Top of SUPPLIED RECORDS

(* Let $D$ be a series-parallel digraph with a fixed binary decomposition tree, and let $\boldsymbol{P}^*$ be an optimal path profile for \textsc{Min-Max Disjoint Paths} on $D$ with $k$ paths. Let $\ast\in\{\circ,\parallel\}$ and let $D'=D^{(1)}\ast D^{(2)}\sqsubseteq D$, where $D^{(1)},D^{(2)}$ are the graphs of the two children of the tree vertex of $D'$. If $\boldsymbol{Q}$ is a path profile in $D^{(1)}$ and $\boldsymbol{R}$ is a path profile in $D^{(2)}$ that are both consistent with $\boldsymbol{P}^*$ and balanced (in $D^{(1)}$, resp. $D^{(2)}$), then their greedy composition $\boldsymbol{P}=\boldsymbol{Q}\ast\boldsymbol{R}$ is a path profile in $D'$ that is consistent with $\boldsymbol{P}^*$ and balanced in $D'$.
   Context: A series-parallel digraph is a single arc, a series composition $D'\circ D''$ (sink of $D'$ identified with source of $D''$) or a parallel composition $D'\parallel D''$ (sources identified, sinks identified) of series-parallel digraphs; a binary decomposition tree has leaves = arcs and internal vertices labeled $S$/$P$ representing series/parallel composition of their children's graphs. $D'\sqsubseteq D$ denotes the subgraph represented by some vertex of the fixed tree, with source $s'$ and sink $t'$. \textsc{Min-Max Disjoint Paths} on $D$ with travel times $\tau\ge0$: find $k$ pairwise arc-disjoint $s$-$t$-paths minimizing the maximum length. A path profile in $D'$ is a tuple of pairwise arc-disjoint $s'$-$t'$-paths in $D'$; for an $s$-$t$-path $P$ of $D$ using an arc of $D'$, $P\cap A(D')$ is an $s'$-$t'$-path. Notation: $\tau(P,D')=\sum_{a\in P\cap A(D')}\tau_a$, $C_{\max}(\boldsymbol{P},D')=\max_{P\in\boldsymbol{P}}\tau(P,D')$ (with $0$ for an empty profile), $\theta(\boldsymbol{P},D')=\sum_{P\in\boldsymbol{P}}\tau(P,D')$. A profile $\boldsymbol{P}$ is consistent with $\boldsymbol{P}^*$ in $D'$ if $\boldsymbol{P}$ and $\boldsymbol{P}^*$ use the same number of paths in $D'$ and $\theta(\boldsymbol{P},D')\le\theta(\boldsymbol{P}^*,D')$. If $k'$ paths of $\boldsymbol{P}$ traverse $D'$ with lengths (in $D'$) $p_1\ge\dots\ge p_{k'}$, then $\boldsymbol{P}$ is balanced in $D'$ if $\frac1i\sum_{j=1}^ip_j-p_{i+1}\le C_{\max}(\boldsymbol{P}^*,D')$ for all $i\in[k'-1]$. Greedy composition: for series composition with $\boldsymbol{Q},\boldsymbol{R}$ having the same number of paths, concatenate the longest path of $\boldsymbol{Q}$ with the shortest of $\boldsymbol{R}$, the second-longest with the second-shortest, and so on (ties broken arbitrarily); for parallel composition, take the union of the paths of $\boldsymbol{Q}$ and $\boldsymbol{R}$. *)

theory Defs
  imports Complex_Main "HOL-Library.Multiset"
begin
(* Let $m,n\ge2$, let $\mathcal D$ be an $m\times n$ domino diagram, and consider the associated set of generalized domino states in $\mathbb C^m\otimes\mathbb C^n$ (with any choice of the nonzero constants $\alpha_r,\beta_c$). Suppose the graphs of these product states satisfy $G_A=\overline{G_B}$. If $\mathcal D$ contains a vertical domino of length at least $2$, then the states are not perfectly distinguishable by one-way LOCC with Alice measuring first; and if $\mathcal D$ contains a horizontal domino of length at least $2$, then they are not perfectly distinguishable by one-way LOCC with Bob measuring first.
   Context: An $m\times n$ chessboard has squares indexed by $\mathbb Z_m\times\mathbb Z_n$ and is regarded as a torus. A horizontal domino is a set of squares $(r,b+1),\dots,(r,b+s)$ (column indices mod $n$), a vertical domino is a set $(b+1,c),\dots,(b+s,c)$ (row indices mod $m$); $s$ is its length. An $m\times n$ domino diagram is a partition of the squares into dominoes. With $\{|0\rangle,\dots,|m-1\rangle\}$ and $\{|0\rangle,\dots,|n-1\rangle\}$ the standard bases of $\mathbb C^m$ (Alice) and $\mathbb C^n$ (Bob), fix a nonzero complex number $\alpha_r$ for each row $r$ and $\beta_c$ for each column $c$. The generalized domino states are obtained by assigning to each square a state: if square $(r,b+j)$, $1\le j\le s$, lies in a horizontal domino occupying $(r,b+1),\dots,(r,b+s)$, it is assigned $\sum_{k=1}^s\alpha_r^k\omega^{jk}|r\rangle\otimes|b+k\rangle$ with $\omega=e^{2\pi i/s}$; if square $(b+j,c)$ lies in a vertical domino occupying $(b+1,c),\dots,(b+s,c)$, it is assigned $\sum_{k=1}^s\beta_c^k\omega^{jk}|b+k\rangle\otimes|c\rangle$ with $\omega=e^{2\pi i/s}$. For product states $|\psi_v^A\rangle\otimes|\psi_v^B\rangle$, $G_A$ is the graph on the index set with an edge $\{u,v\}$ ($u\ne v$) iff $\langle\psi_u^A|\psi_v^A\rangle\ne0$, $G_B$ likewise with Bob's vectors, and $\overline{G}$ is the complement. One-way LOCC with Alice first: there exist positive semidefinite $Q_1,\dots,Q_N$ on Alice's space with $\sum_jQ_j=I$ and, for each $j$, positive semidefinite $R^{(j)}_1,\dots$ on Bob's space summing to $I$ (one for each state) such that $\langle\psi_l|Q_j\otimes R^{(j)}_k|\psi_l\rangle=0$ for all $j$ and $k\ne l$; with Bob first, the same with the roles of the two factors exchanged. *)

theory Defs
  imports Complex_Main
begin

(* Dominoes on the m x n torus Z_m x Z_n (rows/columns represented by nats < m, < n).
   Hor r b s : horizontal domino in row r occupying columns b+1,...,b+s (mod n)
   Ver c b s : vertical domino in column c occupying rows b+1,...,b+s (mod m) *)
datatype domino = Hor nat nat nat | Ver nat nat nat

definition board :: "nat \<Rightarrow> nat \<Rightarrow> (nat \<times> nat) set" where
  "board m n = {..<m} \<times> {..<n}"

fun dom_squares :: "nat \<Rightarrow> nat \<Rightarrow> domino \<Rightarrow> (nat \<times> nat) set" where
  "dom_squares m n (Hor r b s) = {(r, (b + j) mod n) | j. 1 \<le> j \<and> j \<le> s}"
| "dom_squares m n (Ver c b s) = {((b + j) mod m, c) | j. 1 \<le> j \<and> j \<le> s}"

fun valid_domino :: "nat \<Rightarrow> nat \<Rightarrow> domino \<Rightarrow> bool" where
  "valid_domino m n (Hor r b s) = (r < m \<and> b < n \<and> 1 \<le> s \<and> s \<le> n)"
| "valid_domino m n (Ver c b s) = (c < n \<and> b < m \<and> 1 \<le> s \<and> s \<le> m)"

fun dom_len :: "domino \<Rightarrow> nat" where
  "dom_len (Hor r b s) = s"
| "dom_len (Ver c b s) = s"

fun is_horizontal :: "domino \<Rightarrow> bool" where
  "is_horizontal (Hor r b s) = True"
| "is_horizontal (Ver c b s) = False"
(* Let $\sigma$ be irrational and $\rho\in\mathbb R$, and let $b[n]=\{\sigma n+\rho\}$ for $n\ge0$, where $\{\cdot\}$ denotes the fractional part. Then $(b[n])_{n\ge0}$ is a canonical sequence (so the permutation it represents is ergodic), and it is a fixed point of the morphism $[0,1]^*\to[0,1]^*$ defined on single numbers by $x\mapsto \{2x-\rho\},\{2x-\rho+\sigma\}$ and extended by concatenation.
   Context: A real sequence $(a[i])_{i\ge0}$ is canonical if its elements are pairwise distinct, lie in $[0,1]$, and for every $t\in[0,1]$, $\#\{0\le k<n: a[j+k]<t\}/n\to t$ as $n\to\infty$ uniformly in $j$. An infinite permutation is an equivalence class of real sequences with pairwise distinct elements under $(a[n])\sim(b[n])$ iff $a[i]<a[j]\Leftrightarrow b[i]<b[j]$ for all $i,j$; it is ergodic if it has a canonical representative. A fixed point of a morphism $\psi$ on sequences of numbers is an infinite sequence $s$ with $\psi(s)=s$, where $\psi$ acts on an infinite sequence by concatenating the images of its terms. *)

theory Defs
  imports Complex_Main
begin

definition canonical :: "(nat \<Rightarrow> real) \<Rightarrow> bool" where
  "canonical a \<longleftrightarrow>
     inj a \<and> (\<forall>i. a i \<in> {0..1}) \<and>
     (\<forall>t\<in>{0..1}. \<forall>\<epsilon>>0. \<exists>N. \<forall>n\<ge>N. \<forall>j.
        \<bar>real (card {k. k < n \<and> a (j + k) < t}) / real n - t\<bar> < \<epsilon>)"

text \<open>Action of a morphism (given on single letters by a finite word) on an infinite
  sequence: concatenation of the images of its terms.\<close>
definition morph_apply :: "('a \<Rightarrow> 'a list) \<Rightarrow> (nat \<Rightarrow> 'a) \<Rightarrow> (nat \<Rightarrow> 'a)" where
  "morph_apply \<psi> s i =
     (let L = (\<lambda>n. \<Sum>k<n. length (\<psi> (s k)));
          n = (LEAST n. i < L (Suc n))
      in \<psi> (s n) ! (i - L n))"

Bottom of SUPPLIED RECORDS

TASK TO COMPLETE ▸ Copy the records above exactly, starting at the line that contains "n - t\<bar>" and ending at the last line, and leave out all earlier lines.

WORKED SOLUTION ▸
        \<bar>real (card {k. k < n \<and> a (j + k) < t}) / real n - t\<bar> < \<epsilon>)"

text \<open>Action of a morphism (given on single letters by a finite word) on an infinite
  sequence: concatenation of the images of its terms.\<close>
definition morph_apply :: "('a \<Rightarrow> 'a list) \<Rightarrow> (nat \<Rightarrow> 'a) \<Rightarrow> (nat \<Rightarrow> 'a)" where
  "morph_apply \<psi> s i =
     (let L = (\<lambda>n. \<Sum>k<n. length (\<psi> (s k)));
          n = (LEAST n. i < L (Suc n))
      in \<psi> (s n) ! (i - L n))"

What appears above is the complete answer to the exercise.